Siempre estaba preocupado de que Nerea lo abandonara.
Por eso se esforzaba en ser útil, en ser obediente, en no causarle problemas a su mamá.
Quería cuidarla, protegerla, estudiar mucho y ser su orgullo.
Pero desde la noche anterior no podía contactarla.
Por la mañana, al levantarse, le hizo varias llamadas y el teléfono seguía apagado.
Al llegar a la escuela, en el recreo, al mediodía, y hasta la tarde, nunca pudo comunicarse con ella.
El miedo que reprimía en el fondo estalló por completo.
Al final del día, no era más que un niño de seis años en primer grado.
—Ya, ya, todo está bien —lo consoló Nerea, dándose cuenta apenas de lo inseguro que se sentía Ulises.

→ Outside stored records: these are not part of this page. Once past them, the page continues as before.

lemma rtranclp_imp_path:
  assumes "Q\<^sup>*\<^sup>* a c" "c \<in> S" "\<And>x y. Q x y \<Longrightarrow> x \<in> S \<and> y \<in> S \<and> P x y"
  shows "\<exists>gs. gs \<noteq> [] \<and> hd gs = a \<and> last gs = c \<and> set gs \<subseteq> S \<and>
           (\<forall>i. Suc i < length gs \<longrightarrow> P (gs ! i) (gs ! Suc i))"
  using assms(1)
proof (induction rule: converse_rtranclp_induct)
  case base
  show ?case using assms(2) by (intro exI[of _ "[c]"]) auto
next
  case (step y z)
  then obtain gs where gs: "gs \<noteq> []" "hd gs = z" "last gs = c" "set gs \<subseteq> S"
    "\<forall>i. Suc i < length gs \<longrightarrow> P (gs ! i) (gs ! Suc i)" by blast
  have "\<forall>i. Suc i < length (y # gs) \<longrightarrow> P ((y # gs) ! i) ((y # gs) ! Suc i)"
  proof (intro allI impI)
    fix i assume "Suc i < length (y # gs)"
    then show "P ((y # gs) ! i) ((y # gs) ! Suc i)"
      using gs step.hyps(1) assms(3)[of y z] by (cases i) (auto simp: hd_conv_nth)
  qed
  then show ?case using gs step.hyps(1) assms(3)[of y z] by (intro exI[of _ "y # gs"]) auto
qed

lemma pseudo_manifoldI:
  assumes "pure_complex \<Delta>"
    and "\<And>\<sigma>. \<sigma> \<in> \<Delta> \<Longrightarrow> face_dim \<sigma> = complex_dim \<Delta> - 1 \<Longrightarrow> card {F \<in> facets \<Delta>. \<sigma> \<subseteq> F} \<le> 2"
    and "\<And>F F'. F \<in> facets \<Delta> \<Longrightarrow> F' \<in> facets \<Delta> \<Longrightarrow> (facets_adjacent \<Delta>)\<^sup>*\<^sup>* F F'"
  shows "pseudo_manifold \<Delta>"
  unfolding pseudo_manifold_def Let_def
proof (intro conjI ballI impI)
  fix F F' assume F: "F \<in> facets \<Delta>" and F': "F' \<in> facets \<Delta>"
  show "\<exists>gs. gs \<noteq> [] \<and> hd gs = F \<and> last gs = F' \<and> set gs \<subseteq> facets \<Delta> \<and>
      (\<forall>i. Suc i < length gs \<longrightarrow> face_dim (gs ! i \<inter> gs ! Suc i) = complex_dim \<Delta> - 1)"
    by (rule rtranclp_imp_path[OF assms(3)[OF F F'] F']) (auto simp: facets_adjacent_def)
qed (use assms(1,2) in auto)

abbreviation whisker_Ind :: "'a set \<Rightarrow> 'a set set \<Rightarrow> ('a + 'a) set set" where
  "whisker_Ind V E \<equiv> Ind (whisker_vertices V) (whisker_edges V E)"

definition unwhisker :: "'a + 'a \<Rightarrow> 'a" where
  "unwhisker = case_sum id id"

lemma edges_nonempty_if_card_whisker_edges_gt:
  assumes "finite V" "card (whisker_edges V E) \<ge> card V + 1"
  shows "E \<noteq> {}"
proof
  assume "E = {}"
  then have "card (whisker_edges V E) \<le> card V"
    by (simp add: whisker_edges_def card_image_le assms(1))
  with assms(2) show False by simp
qed

context
  fixes V :: "'a set" and E :: "'a set set"
  assumes simple: "simple_graph V E"
begin

lemma finite_vertices: "finite V"
  using simple by (simp add: simple_graph_def)

lemma edgeE:
  assumes "e \<in> E"
  obtains x y where "x \<noteq> y" "x \<in> V" "y \<in> V" "e = {x, y}"
  using simple assms by (auto simp: simple_graph_def)

lemma edge_subset_vertices: "e \<in> E \<Longrightarrow> e \<subseteq> V"
  by (elim edgeE) auto

lemma whisker_Ind_iff:
  "S \<in> whisker_Ind V E \<longleftrightarrow>
     S \<subseteq> Inl ` V \<union> Inr ` V \<and> (\<forall>x. \<not> (Inl x \<in> S \<and> Inr x \<in> S)) \<and> (\<forall>e\<in>E. \<not> Inl ` e \<subseteq> S)"
proof -
  have "S \<in> whisker_Ind V E \<longleftrightarrow> S \<subseteq> Inl ` V \<union> Inr ` V \<and>
      (\<forall>x\<in>V. \<not> (Inl x \<in> S \<and> Inr x \<in> S)) \<and> (\<forall>e\<in>E. \<not> Inl ` e \<subseteq> S)"
    unfolding Ind_def independent_set_def whisker_vertices_def whisker_edges_def
    by (simp add: ball_Un conj_commute)
  then show ?thesis by blast
qed

lemma insert_Inr_in_whisker_Ind:
  assumes "S \<in> whisker_Ind V E" "x \<in> V" "Inl x \<notin> S"
  shows "insert (Inr x) S \<in> whisker_Ind V E"
  using assms unfolding whisker_Ind_iff by (auto simp: subset_insert_iff)

lemma facets_whisker_Ind_iff:
  "S \<in> facets (whisker_Ind V E) \<longleftrightarrow> S \<in> whisker_Ind V E \<and> (\<forall>x\<in>V. Inl x \<in> S \<or> Inr x \<in> S)"
proof
  assume facet: "S \<in> facets (whisker_Ind V E)"
  then have S: "S \<in> whisker_Ind V E" by (simp add: facets_def)
  have "Inl x \<in> S \<or> Inr x \<in> S" if "x \<in> V" for x
  proof (rule ccontr)
    assume "\<not> (Inl x \<in> S \<or> Inr x \<in> S)"
    then have "insert (Inr x) S \<in> whisker_Ind V E" "insert (Inr x) S \<noteq> S"
      using insert_Inr_in_whisker_Ind[OF S \<open>x \<in> V\<close>] by auto
    with facet show False unfolding facets_def by blast
  qed
  with S show "S \<in> whisker_Ind V E \<and> (\<forall>x\<in>V. Inl x \<in> S \<or> Inr x \<in> S)" by blast
next
  assume S: "S \<in> whisker_Ind V E \<and> (\<forall>x\<in>V. Inl x \<in> S \<or> Inr x \<in> S)"
  have "T = S" if T: "T \<in> whisker_Ind V E" "S \<subseteq> T" for T
  proof
    have T_pairs: "T \<subseteq> Inl ` V \<union> Inr ` V" "\<forall>x. \<not> (Inl x \<in> T \<and> Inr x \<in> T)"
      using T(1) unfolding whisker_Ind_iff by blast+
    show "T \<subseteq> S"
    proof
      fix z assume "z \<in> T"
      then obtain y where y: "y \<in> V" "z = Inl y \<or> z = Inr y" using T_pairs(1) by blast
      then have "Inl y \<in> S \<or> Inr y \<in> S" using S by blast
      then show "z \<in> S" using y(2) T(2) T_pairs(2) \<open>z \<in> T\<close> by blast
    qed
  qed (fact T(2))
  with S show "S \<in> facets (whisker_Ind V E)" unfolding facets_def by blast
qed

lemma unwhisker_face:
  assumes "S \<in> whisker_Ind V E"
  shows "inj_on unwhisker S" "unwhisker ` S \<subseteq> V"
proof -
  have S: "S \<subseteq> Inl ` V \<union> Inr ` V" "\<forall>x. \<not> (Inl x \<in> S \<and> Inr x \<in> S)"
    using assms unfolding whisker_Ind_iff by blast+
  show "inj_on unwhisker S"
  proof (rule inj_onI)
    fix u v assume "u \<in> S" "v \<in> S" "unwhisker u = unwhisker v"
    then show "u = v" using S(2) by (cases u; cases v) (auto simp: unwhisker_def)
  qed
  show "unwhisker ` S \<subseteq> V" using S(1) by (auto simp: unwhisker_def)
qed

lemma finite_whisker_face: "S \<in> whisker_Ind V E \<Longrightarrow> finite S"
  using finite_vertices unfolding whisker_Ind_iff by (blast intro: finite_subset)

lemma card_whisker_face: "S \<in> whisker_Ind V E \<Longrightarrow> card S \<le> card V"
  using unwhisker_face card_inj_on_le finite_vertices by metis

lemma card_whisker_facet:
  assumes "S \<in> facets (whisker_Ind V E)"
  shows "card S = card V"
proof -
  have S: "S \<in> whisker_Ind V E" "\<forall>x\<in>V. Inl x \<in> S \<or> Inr x \<in> S"
    using assms unfolding facets_whisker_Ind_iff by blast+
  have "V \<subseteq> unwhisker ` S"
    using S(2) by (force simp: unwhisker_def image_iff)
  then have "unwhisker ` S = V" using unwhisker_face(2)[OF S(1)] by blast
  then show ?thesis using card_image[OF unwhisker_face(1)[OF S(1)]] by simp
qed

lemma codim1_whisker_face_misses_pair:
  assumes "\<sigma> \<in> whisker_Ind V E" "card \<sigma> + 1 = card V"
  obtains x where "x \<in> V" "Inl x \<notin> \<sigma>" "Inr x \<notin> \<sigma>"
proof -
  have "\<not> V \<subseteq> unwhisker ` \<sigma>"
  proof
    assume "V \<subseteq> unwhisker ` \<sigma>"
    then have "card V \<le> card \<sigma>"
      using card_mono[OF finite_imageI[OF finite_whisker_face[OF assms(1)]]]
        card_image[OF unwhisker_face(1)[OF assms(1)]] by fastforce
    with assms(2) show False by simp
  qed
  then obtain x where x: "x \<in> V" "x \<notin> unwhisker ` \<sigma>" by blast
  have "Inl x \<notin> \<sigma>" "Inr x \<notin> \<sigma>"
    using x(2) by (auto intro: rev_image_eqI simp: unwhisker_def)
  with x(1) show ?thesis by (rule that)
qed

lemma facets_containing_codim1_face:
  assumes "\<sigma> \<in> whisker_Ind V E" "card \<sigma> + 1 = card V" "x \<in> V" "Inl x \<notin> \<sigma>" "Inr x \<notin> \<sigma>"
  shows "{F \<in> facets (whisker_Ind V E). \<sigma> \<subseteq> F} \<subseteq> {insert (Inl x) \<sigma>, insert (Inr x) \<sigma>}"
proof
  fix F assume "F \<in> {F \<in> facets (whisker_Ind V E). \<sigma> \<subseteq> F}"
  then have F: "F \<in> facets (whisker_Ind V E)" "\<sigma> \<subseteq> F" by auto
  have finite_F: "finite F"
    using F(1) finite_whisker_face by (simp add: facets_def)
  obtain u where u: "u \<in> F" "u = Inl x \<or> u = Inr x"
    using F(1) assms(3) unfolding facets_whisker_Ind_iff by blast
  have "card (insert u \<sigma>) = card F"
    using u assms(2,4,5) card_whisker_facet[OF F(1)] finite_subset[OF F(2) finite_F] by auto
  then have "insert u \<sigma> = F"
    using u F(2) finite_F by (intro card_subset_eq) auto
  then show "F \<in> {insert (Inl x) \<sigma>, insert (Inr x) \<sigma>}" using u by blast
qed

lemma whiskers_facet: "Inr ` V \<in> facets (whisker_Ind V E)"
proof -
  have "\<not> Inl ` e \<subseteq> Inr ` V" if "e \<in> E" for e
    using that by (elim edgeE) auto
  then show ?thesis unfolding facets_whisker_Ind_iff whisker_Ind_iff by blast
qed

lemma finite_whisker_Ind: "finite (whisker_Ind V E)"
proof -
  have "whisker_Ind V E \<subseteq> Pow (Inl ` V \<union> Inr ` V)"
    using whisker_Ind_iff by blast
  then show ?thesis using finite_vertices by (simp add: finite_subset)
qed

lemma complex_dim_whisker_Ind: "complex_dim (whisker_Ind V E) = int (card V) - 1"
  unfolding complex_dim_def
proof (rule antisym)
  have "face_dim S \<le> int (card V) - 1" if "S \<in> whisker_Ind V E" for S
    using card_whisker_face[OF that] by (simp add: face_dim_def)
  then show "Max (face_dim ` whisker_Ind V E) \<le> int (card V) - 1"
    using whiskers_facet finite_whisker_Ind by (intro Max.boundedI) (auto simp: facets_def)
next
  have "Inr ` V \<in> whisker_Ind V E"
    using whiskers_facet by (simp add: facets_def)
  then have "face_dim (Inr ` V :: ('a + 'a) set) \<le> Max (face_dim ` whisker_Ind V E)"
    using finite_whisker_Ind by simp
  then show "int (card V) - 1 \<le> Max (face_dim ` whisker_Ind V E)"
    by (simp add: face_dim_def card_image)
qed

lemma face_dim_eq_codim1_iff:
  assumes "V \<noteq> {}"
  shows "face_dim \<sigma> = complex_dim (whisker_Ind V E) - 1 \<longleftrightarrow> card \<sigma> + 1 = card V"
  using assms finite_vertices by (auto simp: complex_dim_whisker_Ind face_dim_def card_gt_0_iff)

lemma facet_adjacent_path_to_whiskers:
  assumes "V \<noteq> {}" "F \<in> facets (whisker_Ind V E)"
  shows "(facets_adjacent (whisker_Ind V E))\<^sup>*\<^sup>* F (Inr ` V)"
  using assms(2)
proof (induction "card {x\<in>V. Inl x \<in> F}" arbitrary: F rule: less_induct)
  case less
  have F: "F \<in> whisker_Ind V E" "\<forall>x\<in>V. Inl x \<in> F \<or> Inr x \<in> F"
    using less.prems unfolding facets_whisker_Ind_iff by blast+
  have F_indep: "F \<subseteq> Inl ` V \<union> Inr ` V" "\<forall>x. \<not> (Inl x \<in> F \<and> Inr x \<in> F)"
    "\<forall>e\<in>E. \<not> Inl ` e \<subseteq> F"
    using F(1) unfolding whisker_Ind_iff by blast+
  show ?case
  proof (cases "\<exists>a\<in>V. Inl a \<in> F")
    case False
    then have "F = Inr ` V" using F(2) F_indep(1) by blast
    then show ?thesis by simp
  next
    case True
    then obtain a where a: "a \<in> V" "Inl a \<in> F" by blast
    define F' where "F' = insert (Inr a) (F - {Inl a})"
    have "F' \<in> whisker_Ind V E"
      unfolding whisker_Ind_iff F'_def using F_indep a by blast
    then have F'_facet: "F' \<in> facets (whisker_Ind V E)"
      unfolding facets_whisker_Ind_iff using F(2) by (auto simp: F'_def)
    have Inl_part: "{x\<in>V. Inl x \<in> F'} = {x\<in>V. Inl x \<in> F} - {a}" by (auto simp: F'_def)
    have "card {x\<in>V. Inl x \<in> F'} < card {x\<in>V. Inl x \<in> F}"
      unfolding Inl_part using a finite_vertices by (intro card_Diff1_less) auto
    then have path: "(facets_adjacent (whisker_Ind V E))\<^sup>*\<^sup>* F' (Inr ` V)"
      using less.hyps F'_facet by blast
    have "F \<inter> F' = F - {Inl a}"
      using F_indep(2) a by (auto simp: F'_def)
    then have "card (F \<inter> F') + 1 = card V"
      using a card_whisker_facet[OF less.prems] finite_whisker_face[OF F(1)] assms(1)
        finite_vertices by (simp add: card_gt_0_iff)
    then have "facets_adjacent (whisker_Ind V E) F F'"
      using less.prems F'_facet face_dim_eq_codim1_iff[OF assms(1)]
      unfolding facets_adjacent_def by blast
    then show ?thesis using path by (rule converse_rtranclp_into_rtranclp)
  qed
qed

En la mansión de la familia Rojas.
Doña Salomé sostenía un plumero; quería pegarle, pero le dolía hacerlo, así que los golpes caían suavemente sobre Kevin.
—Antes, si mencionábamos el nombre de Nerea, te ponías furioso y no nos dejabas hablar. ¿Y ahora nos culpas por ocultártelo?
—¡En ese entonces yo pensaba que era hombre! —Kevin se abofeteaba a sí mismo de la rabia.
Doña Salomé sufría al verlo; le dolía en el alma, especialmente sabiendo que Kevin había ido a ver a un psicólogo en Puerto Rosales a sus espaldas y había sufrido mucho.
Suspiró y se sentó en el sofá.
—¿Y ahora qué? Nerea está saliendo con tu hermano.
Kevin giró la cabeza.
—No la reconozco.
Leonardo tomó el plumero y le dio un golpe.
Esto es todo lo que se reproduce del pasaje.